OK, whoah. I was all nodding along and humming and hemming at various points in this thread until I hit upon this line:

Quote:
I am indeed trying to speak with her but she is avoiding me, go figure. I will indeed think very carefully about speaking with Sensei if and when I do.
OK, I know nothing of your situation. But, here's my take on it:

Jim is right:

Quote:
If the instructor and the student are adults and want to have an affair, that's their business. If they use the dojo to facilitate the affair, then it becomes dojo business.
I might also add: if you're trying to speak with her but she's avoiding you, that's YOUR business.
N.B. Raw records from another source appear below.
definition box_bump :: "'a::euclidean_space \<Rightarrow> 'a \<Rightarrow> 'a \<Rightarrow> real" where
  "box_bump a b x = (\<Prod>i\<in>Basis. exp_neg_inv 0 (x \<bullet> i - a \<bullet> i) * exp_neg_inv 0 (b \<bullet> i - x \<bullet> i))"

lemma box_bump_elem_smooth: "box_bump a b \<in> elem_smooth"
proof -
  have "(\<lambda>x. \<Prod>i\<in>Basis. exp_neg_inv 0 (x \<bullet> i + - (a \<bullet> i)) * exp_neg_inv 0 (x \<bullet> (- i) + b \<bullet> i))
      \<in> elem_smooth"
    by (intro elem_smooth_prod elem_smooth.mult elem_smooth.ridge) auto
  then show ?thesis unfolding box_bump_def[abs_def] by simp
qed

lemma box_bump_bounds: "0 \<le> box_bump a b x" "box_bump a b x \<le> 1"
  unfolding box_bump_def
  by (intro prod_nonneg prod_le_1 conjI mult_nonneg_nonneg mult_le_one exp_neg_inv_0_bounds)+

lemma box_bump_pos_iff: "0 < box_bump a b x \<longleftrightarrow> x \<in> box a b"
proof
  assume "x \<in> box a b"
  then show "0 < box_bump a b x"
    unfolding box_bump_def mem_box by (intro prod_pos mult_pos_pos) (auto simp: exp_neg_inv_0_pos_iff)
next
  assume pos: "0 < box_bump a b x"
  show "x \<in> box a b" unfolding mem_box
  proof
    fix i :: 'a assume i: "i \<in> Basis"
    have "box_bump a b x \<noteq> 0" using pos by simp
    then have "exp_neg_inv 0 (x \<bullet> i - a \<bullet> i) * exp_neg_inv 0 (b \<bullet> i - x \<bullet> i) \<noteq> 0"
      using i prod_zero_iff[OF finite_Basis] unfolding box_bump_def by blast
    then show "a \<bullet> i < x \<bullet> i \<and> x \<bullet> i < b \<bullet> i"
      by (auto simp: exp_neg_inv_def split: if_splits)
  qed
qed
I do not know your situation other than what you've offered, but I would back away from any entanglement involving you, your Sensei, and/or the woman in question.
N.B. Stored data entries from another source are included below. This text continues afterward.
(* A Banach $f$-algebra $E$ is $mw$-continuous if and only if, for every net $(x_\alpha)$ in $E$, $x_\alpha\downarrow0$ implies $x_\alpha\xrightarrow{mw}0$.
   Context: All vector lattices are real and Archimedean. An $f$-algebra is a vector lattice with an associative multiplication making it an algebra, such that products of positive elements are positive and $x\wedge y=0$ implies $(xz)\wedge y=(zx)\wedge y=0$ for all $z\ge0$. A Banach $f$-algebra is an $f$-algebra which is a Banach lattice with $\|xy\|\le\|x\|\|y\|$. A net $(x_\alpha)$ in $E$ $mw$-converges to $x$ ($x_\alpha\xrightarrow{mw}x$) if $|x_\alpha-x|u\to0$ weakly for every $u\in E_+$. A net $(x_\alpha)$ order converges to $x$ ($x_\alpha\xrightarrow{o}x$) if there is a net $y_\beta\downarrow0$ such that for every $\beta$ there is $\alpha_0$ with $|x_\alpha-x|\le y_\beta$ for all $\alpha\ge\alpha_0$. $E$ is called $mw$-continuous if $x_\alpha\xrightarrow{o}0$ implies $x_\alpha\xrightarrow{mw}0$. *)

theory Defs
  imports "HOL-Analysis.Analysis"
begin

definition lat_abs :: "'a::{lattice, ab_group_add} \<Rightarrow> 'a" where
  "lat_abs x = sup x (- x)"

text \<open>The ambient type class provides: a real vector space with a
  compatible partial order that is a lattice (a vector lattice), an associative
  bilinear multiplication with submultiplicative norm, and completeness of the norm.
  The predicate adds: Archimedean property, positivity of products of positives,
  the f-algebra condition, and the Banach lattice norm condition.\<close>
definition banach_f_algebra ::
  "'a::{real_normed_algebra, banach, lattice, ordered_real_vector} itself \<Rightarrow> bool" where
  "banach_f_algebra _ \<longleftrightarrow>
     (\<forall>x y::'a. 0 \<le> x \<and> (\<forall>n::nat. of_nat n *\<^sub>R x \<le> y) \<longrightarrow> x = 0) \<and>
     (\<forall>x y::'a. 0 \<le> x \<and> 0 \<le> y \<longrightarrow> 0 \<le> x * y) \<and>
     (\<forall>x y z::'a. inf x y = 0 \<and> 0 \<le> z \<longrightarrow> inf (x * z) y = 0 \<and> inf (z * x) y = 0) \<and>
     (\<forall>x y::'a. lat_abs x \<le> lat_abs y \<longrightarrow> norm x \<le> norm y)"

text \<open>A net is given by a nonempty index set I with a directed preorder r on I,
  together with a map x from indices to E.\<close>
definition directed_on :: "'i set \<Rightarrow> ('i \<Rightarrow> 'i \<Rightarrow> bool) \<Rightarrow> bool" where
  "directed_on I r \<longleftrightarrow> I \<noteq> {} \<and> (\<forall>a\<in>I. r a a) \<and>
     (\<forall>a\<in>I. \<forall>b\<in>I. \<forall>c\<in>I. r a b \<and> r b c \<longrightarrow> r a c) \<and>
     (\<forall>a\<in>I. \<forall>b\<in>I. \<exists>c\<in>I. r a c \<and> r b c)"

definition net_eventually :: "'i set \<Rightarrow> ('i \<Rightarrow> 'i \<Rightarrow> bool) \<Rightarrow> ('i \<Rightarrow> bool) \<Rightarrow> bool" where
  "net_eventually I r P \<longleftrightarrow> (\<exists>a0\<in>I. \<forall>a\<in>I. r a0 a \<longrightarrow> P a)"

definition net_decr_to_zero :: "'i set \<Rightarrow> ('i \<Rightarrow> 'i \<Rightarrow> bool) \<Rightarrow> ('i \<Rightarrow> 'a::{lattice, zero}) \<Rightarrow> bool" where
  "net_decr_to_zero I r x \<longleftrightarrow>
     (\<forall>a\<in>I. \<forall>b\<in>I. r a b \<longrightarrow> x b \<le> x a) \<and>
     (\<forall>a\<in>I. 0 \<le> x a) \<and> (\<forall>z. (\<forall>a\<in>I. z \<le> x a) \<longrightarrow> z \<le> 0)"

definition order_conv :: "'i set \<Rightarrow> ('i \<Rightarrow> 'i \<Rightarrow> bool) \<Rightarrow> ('i \<Rightarrow> 'a::{lattice, ab_group_add}) \<Rightarrow> 'a \<Rightarrow> bool" where
  "order_conv I r x l \<longleftrightarrow>
     (\<exists>(J::'i set) s y. directed_on J s \<and> net_decr_to_zero J s y \<and>
        (\<forall>b\<in>J. net_eventually I r (\<lambda>a. lat_abs (x a - l) \<le> y b)))"

definition weak_conv :: "'i set \<Rightarrow> ('i \<Rightarrow> 'i \<Rightarrow> bool) \<Rightarrow> ('i \<Rightarrow> 'a::real_normed_vector) \<Rightarrow> 'a \<Rightarrow> bool" where
  "weak_conv I r x l \<longleftrightarrow>
     (\<forall>f::'a \<Rightarrow> real. bounded_linear f \<longrightarrow>
        (\<forall>\<epsilon>>0. net_eventually I r (\<lambda>a. \<bar>f (x a) - f l\<bar> < \<epsilon>)))"

definition mw_conv :: "'i set \<Rightarrow> ('i \<Rightarrow> 'i \<Rightarrow> bool) \<Rightarrow>
    ('i \<Rightarrow> 'a::{real_normed_algebra, lattice, ordered_real_vector}) \<Rightarrow> 'a \<Rightarrow> bool" where
  "mw_conv I r x l \<longleftrightarrow> (\<forall>u::'a. 0 \<le> u \<longrightarrow> weak_conv I r (\<lambda>a. lat_abs (x a - l) * u) 0)"

definition mw_continuous ::
  "'a::{real_normed_algebra, lattice, ordered_real_vector} itself \<Rightarrow> 'i itself \<Rightarrow> bool" where
  "mw_continuous _ _ \<longleftrightarrow>
     (\<forall>(I::'i set) r (x::'i \<Rightarrow> 'a). directed_on I r \<longrightarrow> order_conv I r x 0 \<longrightarrow> mw_conv I r x 0)"

end

theory Submission
  imports Defs
begin

text \<open>For a bounded linear functional \<open>f\<close> on a vector lattice with a lattice norm, the
  Riesz--Kantorovich formula \<open>f\<^sup>+ w = sup {f v | 0 \<le> v \<le> w}\<close> is additive and positively
  homogeneous on the positive cone, so it extends to a bounded linear functional; both \<open>f\<^sup>+\<close>
  and \<open>f\<^sup>- = f\<^sup>+ - f\<close> are positive, whence \<open>|f v| \<le> f\<^sup>+ w + f\<^sup>- w\<close> for
  \<open>0 \<le> v \<le> w\<close>.  Hence a net squeezed between 0 and a weakly null net is weakly null.
  A decreasing net with infimum 0 order converges to 0, which gives one implication.
  Conversely, if \<open>|x\<^sub>\<alpha>| \<le> y\<^sub>\<beta>\<close> eventually with \<open>y\<^sub>\<beta> \<down> 0\<close>, then
  \<open>0 \<le> |x\<^sub>\<alpha>| u \<le> y\<^sub>\<beta> u\<close> by positivity of products, and \<open>y\<^sub>\<beta> u \<rightarrow> 0\<close> weakly
  by hypothesis.\<close>

lemma lat_abs_ge: "x \<le> lat_abs (x::'a::{lattice,ordered_ab_group_add})" "- x \<le> lat_abs x"
  unfolding lat_abs_def by auto

lemma lat_abs_of_nonneg: "0 \<le> (x::'a::{lattice,ordered_ab_group_add}) \<Longrightarrow> lat_abs x = x"
  unfolding lat_abs_def by (metis neg_le_0_iff_le order_trans sup.absorb1)

lemma lat_abs_nonneg: "0 \<le> lat_abs (x::'a::{lattice,ordered_real_vector})"
proof -
  have "0 \<le> lat_abs x + lat_abs x"
    using add_mono[OF lat_abs_ge] by (metis add.right_inverse)
  then have "0 \<le> (1/2::real) *\<^sub>R (lat_abs x + lat_abs x)"
    by (intro scaleR_nonneg_nonneg) auto
  then show ?thesis by (simp add: scaleR_2[symmetric])
qed

lemma add_lat_abs_nonneg: "0 \<le> x + lat_abs (x::'a::{lattice,ordered_ab_group_add})"
  using add_left_mono[OF lat_abs_ge(2), of x x] by simp

text \<open>\<open>pos_part_cone f w\<close> is \<open>f\<^sup>+ w\<close>, meaningful only for \<open>0 \<le> w\<close> (otherwise the set may
  be empty); \<open>pos_part f\<close> extends it to all of E through \<open>x = (x + |x|) - |x|\<close>.\<close>
definition pos_part_cone :: "('a::{real_normed_vector, lattice, ordered_real_vector} \<Rightarrow> real) \<Rightarrow> 'a \<Rightarrow> real"
  where "pos_part_cone f w = Sup (f ` {v. 0 \<le> v \<and> v \<le> w})"

definition pos_part :: "('a::{real_normed_vector, lattice, ordered_real_vector} \<Rightarrow> real) \<Rightarrow> 'a \<Rightarrow> real"
  where "pos_part f x = pos_part_cone f (x + lat_abs x) - pos_part_cone f (lat_abs x)"

context
  fixes f :: "'a::{real_normed_vector, lattice, ordered_real_vector} \<Rightarrow> real"
  assumes f: "bounded_linear f"
    and lattice_norm: "\<And>x y::'a. lat_abs x \<le> lat_abs y \<Longrightarrow> norm x \<le> norm y"
begin

interpretation f: bounded_linear f by (fact f)

lemma norm_mono_nonneg: "0 \<le> (v::'a) \<Longrightarrow> v \<le> w \<Longrightarrow> norm v \<le> norm w"
  by (rule lattice_norm) (simp add: lat_abs_of_nonneg)

lemma norm_lat_abs: "norm (lat_abs (x::'a)) \<le> norm x"
  by (rule lattice_norm) (simp add: lat_abs_of_nonneg lat_abs_nonneg)

lemma order_interval_bound: "\<exists>K\<ge>0. \<forall>v w. 0 \<le> v \<and> v \<le> w \<longrightarrow> f v \<le> norm w * K"
proof -
  obtain K where K: "K > 0" "\<And>x. norm (f x) \<le> norm x * K"
    using bounded_linear.pos_bounded[OF f] by blast
  have "f v \<le> norm w * K" if "0 \<le> v" "v \<le> w" for v w
  proof -
    have "f v \<le> norm (f v)" by simp
    also have "\<dots> \<le> norm v * K" by (rule K(2))
    also have "\<dots> \<le> norm w * K"
      using norm_mono_nonneg[OF that] K(1) by (simp add: mult_right_mono)
    finally show ?thesis .
  qed
  with K(1) show ?thesis by (intro exI[of _ K]) auto
qed

lemma pos_part_cone_upper:
  assumes "0 \<le> v" "v \<le> w"
  shows "f v \<le> pos_part_cone f w"
proof -
  from order_interval_bound obtain K where "\<forall>v w. 0 \<le> v \<and> v \<le> w \<longrightarrow> f v \<le> norm w * K"
    by blast
  then have "bdd_above (f ` {v. 0 \<le> v \<and> v \<le> w})"
    by (intro bdd_aboveI2[where M = "norm w * K"]) simp
  then show ?thesis
    unfolding pos_part_cone_def using assms by (intro cSup_upper) simp_all
qed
Just as a general rule: you don't want to make other people's business, your business...it's the makings for bad blood.

Now, if your Sensei is using the dojo as some sort of meeting-point, then yes: a talk with Sensei IS in order.

But if you saw them commit an indiscretion ONCE, well...! That's a little different.

To me, the question arises in often, how obvious, and to what degree is Sensei being indiscreet.

Quote:
It affects my training and my training of the lower belts
But, how? That's what I don't get.

Quote:
PS I have only been doing Aikido for just over 3 years…..did I hit some chord with the "un-Aiki" comment??
It is a term often misused to criticize all sorts of behaviours or actions. Just do a search of "un-aiki" in the aikiweb fora, to get a sense of what I mean.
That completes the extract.